WHAT TO DO: Down to the final line, write out the data below exactly.

SOURCE RECORDS:

definition neighbours :: "'a set set \<Rightarrow> 'a \<Rightarrow> 'a set" where
  "neighbours E v = {u. {v, u} \<in> E}"

lemma simple_graph_finite_edges: "simple_graph V E \<Longrightarrow> finite E"
  unfolding simple_graph_def by (meson PowI finite_Pow_iff finite_subset subsetI)

lemma simple_graph_induced_edges:
  "simple_graph V E \<Longrightarrow> U \<subseteq> V \<Longrightarrow> simple_graph U (induced_edges E U)"
  unfolding simple_graph_def induced_edges_def by (auto intro: finite_subset)

lemma induced_edges_induced_edges:
  "S \<subseteq> U \<Longrightarrow> induced_edges (induced_edges E U) S = induced_edges E S"
  unfolding induced_edges_def by auto

lemma degree_induced_edges_le: "finite E \<Longrightarrow> degree (induced_edges E U) v \<le> degree E v"
  unfolding degree_def induced_edges_def by (intro card_mono) auto

lemma degree_le_max_degree: "finite V \<Longrightarrow> v \<in> V \<Longrightarrow> degree E v \<le> max_degree V E"
  unfolding max_degree_def by (intro Max_ge) auto

lemma q_mult_degree_le_one_of_max_degree:
  fixes q :: real
  assumes "finite V" "0 \<le> q" "q * max_degree V E \<le> 1"
  shows "\<forall>v\<in>V. q * degree E v \<le> 1"
proof
  fix v assume "v \<in> V"
  then have "q * degree E v \<le> q * max_degree V E"
    using assms(1,2) degree_le_max_degree by (intro mult_left_mono) auto
  then show "q * degree E v \<le> 1"
    using assms(3) by linarith
qed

YOUR SOLUTION:
definition neighbours :: "'a set set \<Rightarrow> 'a \<Rightarrow> 'a set" where
  "neighbours E v = {u. {v, u} \<in> E}"

lemma simple_graph_finite_edges: "simple_graph V E \<Longrightarrow> finite E"
  unfolding simple_graph_def by (meson PowI finite_Pow_iff finite_subset subsetI)

lemma simple_graph_induced_edges:
  "simple_graph V E \<Longrightarrow> U \<subseteq> V \<Longrightarrow> simple_graph U (induced_edges E U)"
  unfolding simple_graph_def induced_edges_def by (auto intro: finite_subset)

lemma induced_edges_induced_edges:
  "S \<subseteq> U \<Longrightarrow> induced_edges (induced_edges E U) S = induced_edges E S"
  unfolding induced_edges_def by auto

lemma degree_induced_edges_le: "finite E \<Longrightarrow> degree (induced_edges E U) v \<le> degree E v"
  unfolding degree_def induced_edges_def by (intro card_mono) auto

lemma degree_le_max_degree: "finite V \<Longrightarrow> v \<in> V \<Longrightarrow> degree E v \<le> max_degree V E"
  unfolding max_degree_def by (intro Max_ge) auto

lemma q_mult_degree_le_one_of_max_degree:
  fixes q :: real
  assumes "finite V" "0 \<le> q" "q * max_degree V E \<le> 1"
  shows "\<forall>v\<in>V. q * degree E v \<le> 1"
proof
  fix v assume "v \<in> V"
  then have "q * degree E v \<le> q * max_degree V E"
    using assms(1,2) degree_le_max_degree by (intro mult_left_mono) auto
  then show "q * degree E v \<le> 1"
    using assms(3) by linarith
qed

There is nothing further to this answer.